◆ What is required
The data below holds a line containing "m\<close> by simp" and a line containing "using image_shifted_nth[OF \<open>k"; please quote exactly those two lines and every line between them, and nothing else.

Stored items
──────────
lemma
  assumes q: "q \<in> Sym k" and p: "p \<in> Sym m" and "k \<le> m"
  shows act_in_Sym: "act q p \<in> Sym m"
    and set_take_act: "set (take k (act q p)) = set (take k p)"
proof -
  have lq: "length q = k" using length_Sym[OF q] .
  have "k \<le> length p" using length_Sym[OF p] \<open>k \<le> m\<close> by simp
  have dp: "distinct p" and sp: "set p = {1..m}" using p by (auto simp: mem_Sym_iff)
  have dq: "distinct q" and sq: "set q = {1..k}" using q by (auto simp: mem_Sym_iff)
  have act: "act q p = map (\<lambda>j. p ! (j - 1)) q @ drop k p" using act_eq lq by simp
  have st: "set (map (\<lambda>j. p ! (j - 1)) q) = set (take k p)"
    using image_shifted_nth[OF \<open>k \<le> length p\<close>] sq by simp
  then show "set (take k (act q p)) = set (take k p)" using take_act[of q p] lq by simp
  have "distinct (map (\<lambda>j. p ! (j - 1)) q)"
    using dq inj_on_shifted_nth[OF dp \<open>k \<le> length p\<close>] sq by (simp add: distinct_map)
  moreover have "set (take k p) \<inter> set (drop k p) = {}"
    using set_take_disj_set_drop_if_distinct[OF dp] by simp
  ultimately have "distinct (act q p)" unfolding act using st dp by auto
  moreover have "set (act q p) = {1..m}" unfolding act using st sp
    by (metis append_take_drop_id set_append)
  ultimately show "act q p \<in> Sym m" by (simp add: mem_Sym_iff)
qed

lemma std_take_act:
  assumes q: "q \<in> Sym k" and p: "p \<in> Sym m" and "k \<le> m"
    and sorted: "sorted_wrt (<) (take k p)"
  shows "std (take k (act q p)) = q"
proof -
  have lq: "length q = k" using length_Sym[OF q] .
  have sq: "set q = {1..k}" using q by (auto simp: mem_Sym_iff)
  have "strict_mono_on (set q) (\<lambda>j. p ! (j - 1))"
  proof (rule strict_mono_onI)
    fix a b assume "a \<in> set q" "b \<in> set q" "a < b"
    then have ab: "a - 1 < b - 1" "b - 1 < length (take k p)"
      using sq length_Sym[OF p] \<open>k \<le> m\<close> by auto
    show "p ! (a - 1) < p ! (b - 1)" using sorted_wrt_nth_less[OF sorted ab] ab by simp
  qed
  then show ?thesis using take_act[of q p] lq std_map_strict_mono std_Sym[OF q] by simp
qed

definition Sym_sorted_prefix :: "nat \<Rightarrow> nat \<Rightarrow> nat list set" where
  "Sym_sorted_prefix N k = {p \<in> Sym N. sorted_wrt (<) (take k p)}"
──────────
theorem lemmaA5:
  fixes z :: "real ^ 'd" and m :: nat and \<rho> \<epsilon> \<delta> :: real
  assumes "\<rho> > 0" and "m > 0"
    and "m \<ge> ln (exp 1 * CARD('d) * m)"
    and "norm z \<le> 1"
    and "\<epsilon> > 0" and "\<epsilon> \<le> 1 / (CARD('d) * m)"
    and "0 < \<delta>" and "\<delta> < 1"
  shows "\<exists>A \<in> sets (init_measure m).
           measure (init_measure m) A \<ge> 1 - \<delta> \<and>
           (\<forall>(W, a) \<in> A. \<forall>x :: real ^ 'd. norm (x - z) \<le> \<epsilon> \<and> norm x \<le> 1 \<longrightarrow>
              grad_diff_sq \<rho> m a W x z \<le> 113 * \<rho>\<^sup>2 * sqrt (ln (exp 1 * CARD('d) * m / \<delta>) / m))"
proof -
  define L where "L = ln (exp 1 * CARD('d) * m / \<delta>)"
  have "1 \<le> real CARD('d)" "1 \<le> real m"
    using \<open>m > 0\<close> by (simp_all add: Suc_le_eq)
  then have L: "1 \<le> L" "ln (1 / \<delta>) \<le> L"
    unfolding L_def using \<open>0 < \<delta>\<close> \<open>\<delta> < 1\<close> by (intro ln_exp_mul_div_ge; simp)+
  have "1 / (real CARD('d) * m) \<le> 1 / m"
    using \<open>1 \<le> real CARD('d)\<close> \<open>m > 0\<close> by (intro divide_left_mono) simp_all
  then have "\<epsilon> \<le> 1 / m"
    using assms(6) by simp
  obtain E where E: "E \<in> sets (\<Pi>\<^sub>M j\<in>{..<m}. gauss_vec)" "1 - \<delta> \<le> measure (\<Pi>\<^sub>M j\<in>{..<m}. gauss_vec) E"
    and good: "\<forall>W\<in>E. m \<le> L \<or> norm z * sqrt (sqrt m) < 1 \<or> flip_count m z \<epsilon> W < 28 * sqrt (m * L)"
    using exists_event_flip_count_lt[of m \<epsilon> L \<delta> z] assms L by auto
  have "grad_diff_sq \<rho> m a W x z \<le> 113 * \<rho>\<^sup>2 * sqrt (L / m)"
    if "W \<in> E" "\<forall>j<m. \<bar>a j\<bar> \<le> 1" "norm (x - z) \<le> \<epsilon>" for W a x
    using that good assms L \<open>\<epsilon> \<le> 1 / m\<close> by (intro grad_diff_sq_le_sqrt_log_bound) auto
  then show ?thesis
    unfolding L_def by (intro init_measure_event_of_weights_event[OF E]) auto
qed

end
──────────
◆ Result of the exercise
  have "k \<le> length p" using length_Sym[OF p] \<open>k \<le> m\<close> by simp
  have dp: "distinct p" and sp: "set p = {1..m}" using p by (auto simp: mem_Sym_iff)
  have dq: "distinct q" and sq: "set q = {1..k}" using q by (auto simp: mem_Sym_iff)
  have act: "act q p = map (\<lambda>j. p ! (j - 1)) q @ drop k p" using act_eq lq by simp
  have st: "set (map (\<lambda>j. p ! (j - 1)) q) = set (take k p)"
    using image_shifted_nth[OF \<open>k \<le> length p\<close>] sq by simp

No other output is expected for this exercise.